The documentation set for this product strives to use bias-free language. For the purposes of this documentation set, bias-free is defined as language that does not imply discrimination based on age, disability, gender, racial identity, ethnic identity, sexual orientation, socioeconomic status, and intersectionality. Exceptions may be present in the documentation due to language that is hardcoded in the user interfaces of the product software, language used based on RFP documentation, or language that is used by a referenced third-party product. Learn more about how Cisco is using Inclusive Language.
In a data center network, a single service can be provided through multiple virtual or container network functions. Services might be reachable through a single loopback IP or through several network functions each of which has an individual IP address. This kind of scenario requires a very high ECMP scale on data-center leaf and spine switches. Cisco provides a highly redundant solution through a Cisco ACI® fabric. Hence, it is important to understand how ECMP scale is managed within such a fabric and what major events affect it. This white paper provides an insight into ECMP scale management in a Cisco ACI fabric.
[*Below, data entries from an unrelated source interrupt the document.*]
(* The classes PosLimSup and AsLimSup are closed under sum: for any two automata $A_1,A_2$ in PosLimSup (resp. AsLimSup) over the same alphabet $\Sigma$, there is an automaton $A$ in PosLimSup (resp. AsLimSup) over $\Sigma$ with $L_A(w)=L_{A_1}(w)+L_{A_2}(w)$ for all $w\in\Sigma^\omega$.
   Context: A probabilistic weighted automaton over a finite alphabet $\Sigma$ is a tuple $A=(Q,\rho_I,\Sigma,\delta,\gamma)$ where $Q$ is a finite set of states, $\rho_I$ is a probability distribution on $Q$, $\delta:Q\times\Sigma\to\mathcal D(Q)$ assigns to each state and letter a probability distribution on $Q$, and $\gamma:Q\times\Sigma\times Q\to\mathbb Q$ is a weight function. A run over an infinite word $w=\sigma_1\sigma_2\dots$ is a sequence $r=q_0\sigma_1q_1\sigma_2\dots$ with $\rho_I(q_0)>0$ and $\delta(q_i,\sigma_{i+1})(q_{i+1})>0$ for all $i$; its weight sequence is $\gamma(r)=v_0v_1\dots$ with $v_i=\gamma(q_i,\sigma_{i+1},q_{i+1})$. For each $w$, the probabilities of finite run prefixes induce a probability measure $\mathbb P^A$ on runs over $w$. With $\mathsf{LimSup}(v)=\limsup_n v_n$, PosLimSup automata define $L^{>0}_A(w)=\sup\{\eta\mid \mathbb P^A(\{r:\mathsf{LimSup}(\gamma(r))\ge\eta\})>0\}$ and AsLimSup automata define $L^{=1}_A(w)=\sup\{\eta\mid \mathbb P^A(\{r:\mathsf{LimSup}(\gamma(r))\ge\eta\})=1\}$. *)

theory Defs
  imports "HOL-Probability.Probability"
begin

text \<open>Probabilistic weighted automata over a finite alphabet (the type 'a, with Sigma = UNIV).
  States are natural numbers; the state set is an explicit finite set of naturals.\<close>

record 'a pwa =
  states :: "nat set"
  init   :: "nat pmf"
  trans  :: "nat \<Rightarrow> 'a \<Rightarrow> nat pmf"
  weight :: "nat \<Rightarrow> 'a \<Rightarrow> nat \<Rightarrow> rat"

definition wf_pwa :: "('a::finite) pwa \<Rightarrow> bool" where
  "wf_pwa A \<longleftrightarrow> finite (states A) \<and> set_pmf (init A) \<subseteq> states A \<and>
     (\<forall>q\<in>states A. \<forall>\<sigma>. set_pmf (trans A q \<sigma>) \<subseteq> states A)"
What ECMP is and how it works in Cisco ACI
ECMP (equal cost multipath) is a method to utilize multiple same-cost paths to route a packet to a destination. With ECMP you can have more than one IP route installed in a routing table and have the capability to hash or load balance traffic flows through these routes. The major benefit of using ECMP is to be able to utilize all available paths across the network and hence improve resource utilization across the network. Without ECMP there will be only one preferred path available in the routing table, and other routes or paths will act as backup. The figure below compares the network with and without ECMP. Here, even though there are two equal cost paths available between the network - 192.168.10.0/24 and 192.168.20.0/24 – there will be only one path installed in the routing table for the non-ECMP network; the other path will remain unutilized until the primary path fails. On the other hand, with ECMP enabled in the network, both equal-cost paths can be used at the same time by load sharing over each of them.
Routing paths in ECMP and in non-ECMP networks
In Cisco APIC 6.0(1) and older releases, we support 64-way ECMP in an ACI fabric, which means that we can have 64 equal-cost paths available for a particular network prefix. Packets will be distributed over the available paths based on the 5-tuple hashing algorithm, which considers source IP, destination IP, source port, destination port, and protocol type as parameters.
In this part of the document, we will try to understand how ECMP records are created on the switch platform. To record an ECMP entry in the hardware, the switch creates three kinds of objects: ECMP groups, members, and next-hop IP. To forward the packet out of the switch the switch needs to know the layer 2 rewrite information. The Layer-2 rewrite information chain is different for normal routes and ECMP routes. For ECMP routes we create additional records (such as groups, members, etc.) that will eventually point to the Layer-2 rewrite information, as shown in the figures below.
In Figure 2, we see an example of a non-ECMP route, where we have only one next-hop IP. In this case the platform stores the route as a chain-of-destination prefix; that points to next-hop IPs, which eventually point to Layer-2 rewrite information.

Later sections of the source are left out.